Losing a proxy war sometimes sends shock waves all the way to the top. This is a ‘no confidence’ vote from shareholders. Even if the Disney board loses this battle, it won’t go this way. Regardless of the outcome, Iger likely won’t open before his CEO contract expires in two years and has indicated he doesn’t want to stick around beyond the end of fiscal 2026. He routinely expanded to the point where he wrote a best-selling book, a memoir of his 15 years leading Disney, but if this sequel falls apart, his legacy will take a hit. Disney should deliver decent results and compelling optimism on Wednesday afternoon.
one small flame
Wall Street experts have some expectations about this week’s results. They see revenue of $23.7 billion for the three months ending in December, less than 1% of revenue a year ago. Sluggish theatrical releases over the holidays, fewer consumers, and year-over-year stabilization at Disney World will likely curb sales growth for Disney+, cruise ships, and non-Florida gated attractions.

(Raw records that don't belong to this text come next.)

(* Let $G$ be a graph. Then (i) $\mathrm{gp}(G)\le 2\,\mathrm{ip}(G)$; and (ii) if $V(G)$ can be covered by isometric cycles of $G$, then $\mathrm{gp}(G)\le 3\,\mathrm{ic}(G)$.
   Context: All graphs are finite, simple and connected. A subgraph $H$ of $G$ is isometric if $d_H(x,y)=d_G(x,y)$ for all $x,y\in V(H)$. The isometric-path number $\mathrm{ip}(G)$ is the minimum number of isometric paths (geodesics) of $G$ whose vertex sets cover $V(G)$. The isometric-cycle number $\mathrm{ic}(G)$ is the minimum number of isometric cycles of $G$ whose vertex sets cover $V(G)$. A set $S$ of vertices is a general position set if no three vertices of $S$ lie on a common geodesic of $G$; $\mathrm{gp}(G)$ is the maximum cardinality of a general position set of $G$. *)

theory Defs
  imports Main
begin

definition simple_graph :: "'a set \<Rightarrow> ('a \<Rightarrow> 'a \<Rightarrow> bool) \<Rightarrow> bool" where
  "simple_graph V E \<longleftrightarrow> finite V \<and> (\<forall>u v. E u v \<longrightarrow> u \<in> V \<and> v \<in> V)
     \<and> (\<forall>u v. E u v \<longrightarrow> E v u) \<and> (\<forall>u. \<not> E u u)"

definition walk :: "'a set \<Rightarrow> ('a \<Rightarrow> 'a \<Rightarrow> bool) \<Rightarrow> 'a list \<Rightarrow> bool" where
  "walk V E xs \<longleftrightarrow> xs \<noteq> [] \<and> set xs \<subseteq> V \<and>
     (\<forall>i. i + 1 < length xs \<longrightarrow> E (xs ! i) (xs ! (i + 1)))"

definition connected_graph :: "'a set \<Rightarrow> ('a \<Rightarrow> 'a \<Rightarrow> bool) \<Rightarrow> bool" where
  "connected_graph V E \<longleftrightarrow> simple_graph V E \<and> V \<noteq> {} \<and>
     (\<forall>x\<in>V. \<forall>y\<in>V. \<exists>xs. walk V E xs \<and> hd xs = x \<and> last xs = y)"

definition dist :: "'a set \<Rightarrow> ('a \<Rightarrow> 'a \<Rightarrow> bool) \<Rightarrow> 'a \<Rightarrow> 'a \<Rightarrow> nat" where
  "dist V E x y = (LEAST n. \<exists>xs. walk V E xs \<and> hd xs = x \<and> last xs = y \<and> length xs = n + 1)"

definition path_edges :: "'a list \<Rightarrow> 'a \<Rightarrow> 'a \<Rightarrow> bool" where
  "path_edges xs u v \<longleftrightarrow> (\<exists>i. i + 1 < length xs \<and>
     ((u = xs ! i \<and> v = xs ! (i + 1)) \<or> (v = xs ! i \<and> u = xs ! (i + 1))))"

definition cycle_edges :: "'a list \<Rightarrow> 'a \<Rightarrow> 'a \<Rightarrow> bool" where
  "cycle_edges xs u v \<longleftrightarrow> (\<exists>i < length xs.
     (u = xs ! i \<and> v = xs ! ((i + 1) mod length xs)) \<or>
     (v = xs ! i \<and> u = xs ! ((i + 1) mod length xs)))"

definition isometric_path :: "'a set \<Rightarrow> ('a \<Rightarrow> 'a \<Rightarrow> bool) \<Rightarrow> 'a list \<Rightarrow> bool" where
  "isometric_path V E xs \<longleftrightarrow> walk V E xs \<and> distinct xs \<and>
     (\<forall>x\<in>set xs. \<forall>y\<in>set xs. dist (set xs) (path_edges xs) x y = dist V E x y)"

Analysts are calling for earnings of $0.99 per share, flat from a year ago. This is where Disney stands out. It has posted earnings of more than 8% in three of the last four quarters. Disney has also succeeded in cutting costs, especially for its streaming service, which is expected to be profitable by the fourth quarter of this fiscal year.
Disney doesn’t fully flesh out its guidelines like other companies, which is a sticking point for some activists. It doesn’t start this week. But Iger will have to present Disney’s future during the call as if his own legacy were riding on it. There are several potential theatrical releases in 2024 that could lift Disney out of its box office slump, but they won’t hit local multiplexes until May. A showdown awaits against Disney World’s biggest rival. comcast, when its competitors open eye-catching new theme parks next year. Iger’s timeline for breaking even on his streaming service won’t be officially announced until early November.
In less than two months, there will be some question marks at the iconic media stock’s shareholder meeting. This is Disney’s best opportunity to make his point – an exclamation point.
Rick Munarriz works at Comcast and Walt Disney. The Motley Fool has a position at and recommends Walt Disney. The Motley Fool recommends Comcast. The Motley Fool has a disclosure policy.